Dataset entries
- Opening Delimiter -

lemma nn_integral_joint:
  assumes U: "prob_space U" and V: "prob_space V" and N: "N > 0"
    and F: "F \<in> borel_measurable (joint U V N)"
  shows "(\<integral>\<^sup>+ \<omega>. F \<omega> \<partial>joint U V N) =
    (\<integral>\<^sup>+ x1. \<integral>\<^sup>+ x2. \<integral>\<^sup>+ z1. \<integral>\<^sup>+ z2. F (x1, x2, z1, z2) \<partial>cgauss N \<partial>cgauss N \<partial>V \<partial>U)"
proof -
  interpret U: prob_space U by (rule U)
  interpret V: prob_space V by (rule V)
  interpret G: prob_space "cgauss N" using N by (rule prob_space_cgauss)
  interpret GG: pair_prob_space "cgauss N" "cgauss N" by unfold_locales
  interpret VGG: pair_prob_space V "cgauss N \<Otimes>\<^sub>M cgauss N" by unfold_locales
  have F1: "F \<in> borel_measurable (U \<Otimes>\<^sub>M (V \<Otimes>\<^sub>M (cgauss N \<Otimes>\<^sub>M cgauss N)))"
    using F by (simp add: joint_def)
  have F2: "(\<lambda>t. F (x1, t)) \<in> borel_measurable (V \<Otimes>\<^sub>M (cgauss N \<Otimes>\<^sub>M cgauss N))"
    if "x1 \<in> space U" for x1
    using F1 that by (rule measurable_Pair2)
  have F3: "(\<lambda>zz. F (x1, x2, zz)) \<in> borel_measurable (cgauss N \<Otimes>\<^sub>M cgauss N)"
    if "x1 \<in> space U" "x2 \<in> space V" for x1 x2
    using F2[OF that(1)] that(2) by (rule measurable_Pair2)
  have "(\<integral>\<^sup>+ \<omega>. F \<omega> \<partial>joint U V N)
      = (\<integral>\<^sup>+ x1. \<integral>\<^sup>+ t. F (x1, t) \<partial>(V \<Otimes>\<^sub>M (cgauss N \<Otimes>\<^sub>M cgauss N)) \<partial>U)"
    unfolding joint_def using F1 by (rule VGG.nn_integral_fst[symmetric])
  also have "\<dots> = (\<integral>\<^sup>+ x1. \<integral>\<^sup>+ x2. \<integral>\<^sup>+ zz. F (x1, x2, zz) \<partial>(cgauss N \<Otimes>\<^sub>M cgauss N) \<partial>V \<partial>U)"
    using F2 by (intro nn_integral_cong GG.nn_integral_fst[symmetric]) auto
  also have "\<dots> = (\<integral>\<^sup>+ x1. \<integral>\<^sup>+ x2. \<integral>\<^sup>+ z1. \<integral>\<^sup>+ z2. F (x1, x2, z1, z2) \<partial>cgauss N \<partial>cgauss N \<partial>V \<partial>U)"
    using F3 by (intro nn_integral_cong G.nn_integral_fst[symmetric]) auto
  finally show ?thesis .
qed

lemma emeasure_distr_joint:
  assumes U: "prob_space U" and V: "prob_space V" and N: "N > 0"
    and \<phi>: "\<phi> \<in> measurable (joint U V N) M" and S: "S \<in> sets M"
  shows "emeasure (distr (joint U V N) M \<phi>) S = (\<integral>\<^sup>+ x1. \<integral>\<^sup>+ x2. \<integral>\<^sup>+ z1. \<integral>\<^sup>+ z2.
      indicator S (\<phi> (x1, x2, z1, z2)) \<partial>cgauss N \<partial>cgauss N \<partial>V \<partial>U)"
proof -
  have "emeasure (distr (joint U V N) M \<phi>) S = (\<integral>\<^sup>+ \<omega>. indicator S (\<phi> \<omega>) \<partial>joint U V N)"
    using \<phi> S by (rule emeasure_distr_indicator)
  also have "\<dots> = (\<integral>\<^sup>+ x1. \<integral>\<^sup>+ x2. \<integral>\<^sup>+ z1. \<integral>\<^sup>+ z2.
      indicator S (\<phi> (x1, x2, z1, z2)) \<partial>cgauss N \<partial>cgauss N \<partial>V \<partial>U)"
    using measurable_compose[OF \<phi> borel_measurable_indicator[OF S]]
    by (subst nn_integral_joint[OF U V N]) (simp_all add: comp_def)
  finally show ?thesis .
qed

- Closing Delimiter -
- Opening Delimiter -

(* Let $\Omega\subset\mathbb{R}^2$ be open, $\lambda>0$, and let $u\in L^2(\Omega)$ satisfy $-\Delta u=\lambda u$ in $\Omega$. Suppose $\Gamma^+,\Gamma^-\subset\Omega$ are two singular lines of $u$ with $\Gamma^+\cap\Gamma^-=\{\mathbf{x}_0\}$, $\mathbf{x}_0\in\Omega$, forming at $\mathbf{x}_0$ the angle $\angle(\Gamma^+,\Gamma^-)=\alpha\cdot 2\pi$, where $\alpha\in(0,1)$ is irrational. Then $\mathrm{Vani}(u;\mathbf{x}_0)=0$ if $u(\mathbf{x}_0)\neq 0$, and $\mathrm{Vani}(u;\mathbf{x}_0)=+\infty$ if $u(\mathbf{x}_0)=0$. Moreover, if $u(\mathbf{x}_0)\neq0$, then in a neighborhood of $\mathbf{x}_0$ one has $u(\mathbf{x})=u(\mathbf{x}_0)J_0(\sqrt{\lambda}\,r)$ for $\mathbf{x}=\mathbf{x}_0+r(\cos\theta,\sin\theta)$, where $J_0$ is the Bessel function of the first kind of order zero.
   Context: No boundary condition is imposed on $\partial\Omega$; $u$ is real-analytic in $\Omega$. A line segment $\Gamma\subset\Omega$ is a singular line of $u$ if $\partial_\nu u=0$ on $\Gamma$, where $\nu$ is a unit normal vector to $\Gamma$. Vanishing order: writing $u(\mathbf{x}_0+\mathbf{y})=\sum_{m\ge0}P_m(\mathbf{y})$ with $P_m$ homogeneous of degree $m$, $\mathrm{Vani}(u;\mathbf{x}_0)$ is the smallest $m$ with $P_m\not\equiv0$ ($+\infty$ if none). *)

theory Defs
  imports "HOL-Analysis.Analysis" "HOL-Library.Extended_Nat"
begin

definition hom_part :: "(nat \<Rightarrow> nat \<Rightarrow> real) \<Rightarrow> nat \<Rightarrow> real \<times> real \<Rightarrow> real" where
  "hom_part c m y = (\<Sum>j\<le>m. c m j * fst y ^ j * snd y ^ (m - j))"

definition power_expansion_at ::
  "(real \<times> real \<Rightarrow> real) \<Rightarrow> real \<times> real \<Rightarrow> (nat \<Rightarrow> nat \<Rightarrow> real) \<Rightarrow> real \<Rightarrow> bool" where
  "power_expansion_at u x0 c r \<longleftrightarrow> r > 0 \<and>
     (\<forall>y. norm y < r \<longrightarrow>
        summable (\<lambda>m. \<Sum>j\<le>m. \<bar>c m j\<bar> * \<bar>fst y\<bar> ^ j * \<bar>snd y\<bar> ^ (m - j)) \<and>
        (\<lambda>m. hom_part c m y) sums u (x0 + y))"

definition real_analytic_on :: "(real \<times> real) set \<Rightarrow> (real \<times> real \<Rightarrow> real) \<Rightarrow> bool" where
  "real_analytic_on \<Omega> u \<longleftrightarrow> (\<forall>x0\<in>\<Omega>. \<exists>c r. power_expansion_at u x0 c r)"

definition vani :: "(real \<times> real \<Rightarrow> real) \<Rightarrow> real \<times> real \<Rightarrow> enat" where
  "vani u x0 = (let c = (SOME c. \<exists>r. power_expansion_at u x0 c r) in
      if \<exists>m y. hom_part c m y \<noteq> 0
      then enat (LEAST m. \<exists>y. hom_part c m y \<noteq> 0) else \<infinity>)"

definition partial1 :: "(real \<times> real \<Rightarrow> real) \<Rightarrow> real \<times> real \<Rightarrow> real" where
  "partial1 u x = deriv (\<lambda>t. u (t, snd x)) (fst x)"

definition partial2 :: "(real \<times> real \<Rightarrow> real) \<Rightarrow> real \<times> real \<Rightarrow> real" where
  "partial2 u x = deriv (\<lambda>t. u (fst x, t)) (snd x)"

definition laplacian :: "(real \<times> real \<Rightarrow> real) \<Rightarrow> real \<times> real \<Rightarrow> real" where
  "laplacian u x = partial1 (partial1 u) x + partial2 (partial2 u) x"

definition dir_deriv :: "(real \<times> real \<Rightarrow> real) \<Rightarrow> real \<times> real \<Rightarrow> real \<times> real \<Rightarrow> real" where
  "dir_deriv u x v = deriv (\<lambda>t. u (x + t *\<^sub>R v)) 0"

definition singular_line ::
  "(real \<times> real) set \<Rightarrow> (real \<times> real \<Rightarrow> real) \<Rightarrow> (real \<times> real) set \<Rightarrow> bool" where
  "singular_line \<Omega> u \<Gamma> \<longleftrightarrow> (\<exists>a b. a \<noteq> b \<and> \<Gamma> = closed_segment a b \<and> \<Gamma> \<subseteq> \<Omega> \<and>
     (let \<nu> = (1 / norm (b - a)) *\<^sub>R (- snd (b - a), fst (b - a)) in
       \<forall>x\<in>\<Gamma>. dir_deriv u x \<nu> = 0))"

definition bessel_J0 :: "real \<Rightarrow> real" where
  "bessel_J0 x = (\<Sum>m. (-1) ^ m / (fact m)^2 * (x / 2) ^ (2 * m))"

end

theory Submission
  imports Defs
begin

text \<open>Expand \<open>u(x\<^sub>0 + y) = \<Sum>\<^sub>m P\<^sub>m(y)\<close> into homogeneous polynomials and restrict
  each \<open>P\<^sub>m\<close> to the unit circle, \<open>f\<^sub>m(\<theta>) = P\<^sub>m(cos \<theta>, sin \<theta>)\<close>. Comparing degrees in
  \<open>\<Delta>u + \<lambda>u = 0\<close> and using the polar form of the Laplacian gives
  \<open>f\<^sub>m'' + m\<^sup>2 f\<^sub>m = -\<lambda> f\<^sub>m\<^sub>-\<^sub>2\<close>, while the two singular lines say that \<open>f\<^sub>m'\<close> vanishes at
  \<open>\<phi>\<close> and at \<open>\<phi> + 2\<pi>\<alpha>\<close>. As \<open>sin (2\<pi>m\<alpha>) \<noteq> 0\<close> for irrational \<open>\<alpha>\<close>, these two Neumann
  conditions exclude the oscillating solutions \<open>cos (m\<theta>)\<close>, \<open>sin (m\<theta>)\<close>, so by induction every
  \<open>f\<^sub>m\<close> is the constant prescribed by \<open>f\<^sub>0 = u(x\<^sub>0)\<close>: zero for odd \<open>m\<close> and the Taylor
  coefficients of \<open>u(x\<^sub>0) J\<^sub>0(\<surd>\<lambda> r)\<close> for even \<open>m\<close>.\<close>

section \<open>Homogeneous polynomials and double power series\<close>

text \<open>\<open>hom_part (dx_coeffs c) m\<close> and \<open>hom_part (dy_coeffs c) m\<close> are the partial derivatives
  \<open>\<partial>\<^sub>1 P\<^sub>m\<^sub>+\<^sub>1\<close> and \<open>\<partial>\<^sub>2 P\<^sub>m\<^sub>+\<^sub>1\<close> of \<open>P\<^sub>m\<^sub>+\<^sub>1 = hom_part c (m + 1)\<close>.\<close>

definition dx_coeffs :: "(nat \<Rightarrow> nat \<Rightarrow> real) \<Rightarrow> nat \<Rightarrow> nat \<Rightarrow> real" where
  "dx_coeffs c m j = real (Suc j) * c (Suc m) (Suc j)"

- Closing Delimiter -
- Opening Delimiter -

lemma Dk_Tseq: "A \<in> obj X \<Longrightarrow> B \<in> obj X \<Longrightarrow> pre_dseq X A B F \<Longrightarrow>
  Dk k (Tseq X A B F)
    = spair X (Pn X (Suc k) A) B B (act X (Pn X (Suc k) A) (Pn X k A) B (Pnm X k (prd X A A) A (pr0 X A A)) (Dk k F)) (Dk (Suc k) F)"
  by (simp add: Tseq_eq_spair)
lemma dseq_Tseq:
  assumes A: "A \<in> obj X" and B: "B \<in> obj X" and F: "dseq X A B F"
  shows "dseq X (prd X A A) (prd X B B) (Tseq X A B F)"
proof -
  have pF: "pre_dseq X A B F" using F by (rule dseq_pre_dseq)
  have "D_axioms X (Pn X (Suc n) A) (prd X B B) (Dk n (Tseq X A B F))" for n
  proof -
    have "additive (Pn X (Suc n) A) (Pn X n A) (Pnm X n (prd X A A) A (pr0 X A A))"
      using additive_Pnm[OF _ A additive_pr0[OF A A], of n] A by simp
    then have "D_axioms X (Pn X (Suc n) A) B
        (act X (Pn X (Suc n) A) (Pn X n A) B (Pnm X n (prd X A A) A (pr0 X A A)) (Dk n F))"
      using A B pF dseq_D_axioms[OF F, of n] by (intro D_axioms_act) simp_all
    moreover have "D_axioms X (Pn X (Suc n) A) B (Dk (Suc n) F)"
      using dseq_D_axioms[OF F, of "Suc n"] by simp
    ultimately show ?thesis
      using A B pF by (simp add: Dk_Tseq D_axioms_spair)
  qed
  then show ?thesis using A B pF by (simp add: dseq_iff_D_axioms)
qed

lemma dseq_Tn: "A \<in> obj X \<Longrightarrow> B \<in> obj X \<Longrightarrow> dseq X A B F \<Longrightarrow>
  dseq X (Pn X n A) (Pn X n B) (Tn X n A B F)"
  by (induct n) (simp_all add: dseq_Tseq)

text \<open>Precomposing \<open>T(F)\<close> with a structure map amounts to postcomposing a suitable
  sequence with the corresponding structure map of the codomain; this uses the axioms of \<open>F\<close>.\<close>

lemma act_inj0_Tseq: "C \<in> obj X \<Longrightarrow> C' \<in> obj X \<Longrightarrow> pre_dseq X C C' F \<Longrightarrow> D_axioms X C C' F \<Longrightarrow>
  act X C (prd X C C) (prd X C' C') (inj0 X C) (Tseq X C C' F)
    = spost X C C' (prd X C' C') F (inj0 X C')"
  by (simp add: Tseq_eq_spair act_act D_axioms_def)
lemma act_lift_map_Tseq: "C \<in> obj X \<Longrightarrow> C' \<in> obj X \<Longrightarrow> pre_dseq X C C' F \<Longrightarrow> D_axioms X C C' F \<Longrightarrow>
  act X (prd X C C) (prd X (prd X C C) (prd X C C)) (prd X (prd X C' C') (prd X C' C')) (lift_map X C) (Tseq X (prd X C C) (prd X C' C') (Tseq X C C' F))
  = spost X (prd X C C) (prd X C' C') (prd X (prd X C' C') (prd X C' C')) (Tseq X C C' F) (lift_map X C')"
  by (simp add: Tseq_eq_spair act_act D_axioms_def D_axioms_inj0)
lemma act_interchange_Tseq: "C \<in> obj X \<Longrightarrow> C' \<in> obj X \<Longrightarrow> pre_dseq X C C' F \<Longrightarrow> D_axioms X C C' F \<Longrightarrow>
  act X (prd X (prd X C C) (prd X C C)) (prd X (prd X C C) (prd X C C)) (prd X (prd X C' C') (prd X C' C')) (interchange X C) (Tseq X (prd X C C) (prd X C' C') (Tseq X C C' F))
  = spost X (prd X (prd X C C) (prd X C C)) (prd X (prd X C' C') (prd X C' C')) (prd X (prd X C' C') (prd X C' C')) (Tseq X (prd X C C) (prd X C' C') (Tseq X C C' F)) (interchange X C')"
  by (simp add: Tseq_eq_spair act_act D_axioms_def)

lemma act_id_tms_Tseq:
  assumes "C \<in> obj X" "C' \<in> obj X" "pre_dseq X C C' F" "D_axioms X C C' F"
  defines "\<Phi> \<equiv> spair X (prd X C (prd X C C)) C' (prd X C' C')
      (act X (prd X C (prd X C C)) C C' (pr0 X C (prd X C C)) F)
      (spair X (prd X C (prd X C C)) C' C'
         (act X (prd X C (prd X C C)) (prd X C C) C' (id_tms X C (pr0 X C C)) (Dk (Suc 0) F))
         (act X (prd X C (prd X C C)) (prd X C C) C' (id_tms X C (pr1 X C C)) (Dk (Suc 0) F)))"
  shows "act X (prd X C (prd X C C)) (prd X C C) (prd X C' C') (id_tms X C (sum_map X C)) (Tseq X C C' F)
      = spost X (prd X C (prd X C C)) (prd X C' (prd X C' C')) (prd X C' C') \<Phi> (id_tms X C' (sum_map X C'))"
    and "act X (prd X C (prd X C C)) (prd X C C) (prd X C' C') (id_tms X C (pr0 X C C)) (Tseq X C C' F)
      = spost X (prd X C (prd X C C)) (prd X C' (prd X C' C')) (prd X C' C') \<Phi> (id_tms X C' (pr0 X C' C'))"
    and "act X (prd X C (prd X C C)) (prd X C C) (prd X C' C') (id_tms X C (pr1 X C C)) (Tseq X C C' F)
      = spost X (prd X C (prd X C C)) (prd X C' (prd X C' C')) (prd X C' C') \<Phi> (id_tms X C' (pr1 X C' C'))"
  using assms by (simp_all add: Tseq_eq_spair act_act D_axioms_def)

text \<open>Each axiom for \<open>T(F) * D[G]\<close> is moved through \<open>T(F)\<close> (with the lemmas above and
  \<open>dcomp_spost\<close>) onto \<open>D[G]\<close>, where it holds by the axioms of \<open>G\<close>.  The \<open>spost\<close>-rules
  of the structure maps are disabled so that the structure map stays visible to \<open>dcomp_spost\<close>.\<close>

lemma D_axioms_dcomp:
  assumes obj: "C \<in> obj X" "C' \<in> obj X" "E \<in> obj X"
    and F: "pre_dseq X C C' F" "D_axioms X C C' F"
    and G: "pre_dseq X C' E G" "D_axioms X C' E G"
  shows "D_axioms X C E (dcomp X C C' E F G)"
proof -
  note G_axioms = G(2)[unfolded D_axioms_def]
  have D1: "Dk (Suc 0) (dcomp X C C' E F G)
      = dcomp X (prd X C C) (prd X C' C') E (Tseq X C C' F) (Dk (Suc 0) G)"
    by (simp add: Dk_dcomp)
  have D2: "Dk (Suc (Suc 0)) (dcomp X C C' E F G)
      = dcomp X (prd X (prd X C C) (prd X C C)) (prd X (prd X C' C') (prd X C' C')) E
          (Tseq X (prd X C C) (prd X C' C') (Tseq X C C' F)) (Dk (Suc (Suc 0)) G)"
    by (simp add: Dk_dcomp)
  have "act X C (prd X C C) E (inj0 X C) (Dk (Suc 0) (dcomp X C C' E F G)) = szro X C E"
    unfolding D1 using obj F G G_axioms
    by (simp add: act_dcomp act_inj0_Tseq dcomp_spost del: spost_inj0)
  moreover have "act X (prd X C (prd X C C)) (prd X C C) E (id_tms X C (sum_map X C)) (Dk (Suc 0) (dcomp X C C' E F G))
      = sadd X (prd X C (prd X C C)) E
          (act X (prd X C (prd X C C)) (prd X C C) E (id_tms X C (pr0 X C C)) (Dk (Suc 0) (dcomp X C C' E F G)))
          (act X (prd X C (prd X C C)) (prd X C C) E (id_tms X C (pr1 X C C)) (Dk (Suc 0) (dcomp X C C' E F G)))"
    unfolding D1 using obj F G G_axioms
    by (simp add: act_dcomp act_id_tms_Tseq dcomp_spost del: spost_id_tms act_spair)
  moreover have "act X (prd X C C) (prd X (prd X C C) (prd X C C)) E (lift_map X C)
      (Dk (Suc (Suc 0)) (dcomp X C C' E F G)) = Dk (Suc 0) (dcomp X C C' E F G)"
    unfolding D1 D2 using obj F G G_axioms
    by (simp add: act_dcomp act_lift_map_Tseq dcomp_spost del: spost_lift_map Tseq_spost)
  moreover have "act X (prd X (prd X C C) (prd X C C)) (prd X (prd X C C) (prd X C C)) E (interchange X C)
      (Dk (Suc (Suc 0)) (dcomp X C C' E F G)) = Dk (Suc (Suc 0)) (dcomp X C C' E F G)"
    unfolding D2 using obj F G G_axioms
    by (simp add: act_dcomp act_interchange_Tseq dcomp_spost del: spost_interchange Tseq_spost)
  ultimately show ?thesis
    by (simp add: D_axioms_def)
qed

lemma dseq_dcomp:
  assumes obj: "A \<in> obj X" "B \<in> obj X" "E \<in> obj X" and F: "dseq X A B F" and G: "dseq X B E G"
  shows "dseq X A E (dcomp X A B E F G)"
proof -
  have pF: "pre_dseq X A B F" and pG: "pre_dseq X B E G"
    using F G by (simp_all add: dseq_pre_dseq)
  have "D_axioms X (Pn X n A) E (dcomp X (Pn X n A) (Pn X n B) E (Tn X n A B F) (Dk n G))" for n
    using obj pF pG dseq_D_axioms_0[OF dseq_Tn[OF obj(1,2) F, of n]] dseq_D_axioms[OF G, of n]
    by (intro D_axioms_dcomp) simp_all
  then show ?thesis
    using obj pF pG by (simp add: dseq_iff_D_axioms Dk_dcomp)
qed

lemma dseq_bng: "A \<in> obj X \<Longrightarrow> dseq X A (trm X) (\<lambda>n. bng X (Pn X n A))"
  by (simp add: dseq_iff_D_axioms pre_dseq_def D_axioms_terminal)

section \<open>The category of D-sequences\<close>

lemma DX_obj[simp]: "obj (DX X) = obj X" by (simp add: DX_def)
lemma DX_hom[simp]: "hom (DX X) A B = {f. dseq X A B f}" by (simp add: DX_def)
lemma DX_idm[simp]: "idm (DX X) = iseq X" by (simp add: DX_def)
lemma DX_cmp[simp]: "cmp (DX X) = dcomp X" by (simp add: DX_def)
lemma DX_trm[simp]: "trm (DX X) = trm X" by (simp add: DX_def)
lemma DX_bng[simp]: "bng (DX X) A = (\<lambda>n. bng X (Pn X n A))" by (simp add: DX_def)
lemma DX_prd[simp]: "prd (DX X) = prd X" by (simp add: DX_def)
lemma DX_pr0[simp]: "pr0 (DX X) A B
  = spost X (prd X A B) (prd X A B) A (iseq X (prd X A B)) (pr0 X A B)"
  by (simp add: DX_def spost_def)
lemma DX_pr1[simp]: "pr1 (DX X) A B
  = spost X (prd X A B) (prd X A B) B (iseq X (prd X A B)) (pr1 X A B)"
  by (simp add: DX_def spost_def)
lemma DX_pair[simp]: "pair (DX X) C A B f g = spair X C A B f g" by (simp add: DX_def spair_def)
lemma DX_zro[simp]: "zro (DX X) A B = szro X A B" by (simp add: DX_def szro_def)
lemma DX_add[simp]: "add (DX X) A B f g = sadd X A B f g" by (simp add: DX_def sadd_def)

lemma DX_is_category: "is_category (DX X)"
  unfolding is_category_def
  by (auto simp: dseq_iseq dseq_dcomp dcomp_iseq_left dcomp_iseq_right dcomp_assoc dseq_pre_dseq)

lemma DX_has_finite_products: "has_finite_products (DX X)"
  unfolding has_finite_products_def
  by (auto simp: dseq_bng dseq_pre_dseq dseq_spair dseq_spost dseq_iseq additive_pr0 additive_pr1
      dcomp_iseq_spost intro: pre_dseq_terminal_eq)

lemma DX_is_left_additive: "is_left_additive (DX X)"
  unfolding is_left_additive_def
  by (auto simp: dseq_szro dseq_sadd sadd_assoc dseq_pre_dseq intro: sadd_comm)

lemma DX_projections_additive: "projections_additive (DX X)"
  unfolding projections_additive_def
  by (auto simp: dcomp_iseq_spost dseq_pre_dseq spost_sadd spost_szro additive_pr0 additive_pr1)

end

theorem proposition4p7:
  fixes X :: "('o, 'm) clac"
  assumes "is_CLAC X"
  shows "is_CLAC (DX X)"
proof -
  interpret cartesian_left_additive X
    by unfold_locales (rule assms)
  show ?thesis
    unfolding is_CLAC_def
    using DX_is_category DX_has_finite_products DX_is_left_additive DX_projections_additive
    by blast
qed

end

- Closing Delimiter -

#### REQUIRED ACTION
All lines above that include the word "polynomials" should be located and copied.

#### WRITTEN SOLUTION
text \<open>Expand \<open>u(x\<^sub>0 + y) = \<Sum>\<^sub>m P\<^sub>m(y)\<close> into homogeneous polynomials and restrict
section \<open>Homogeneous polynomials and double power series\<close>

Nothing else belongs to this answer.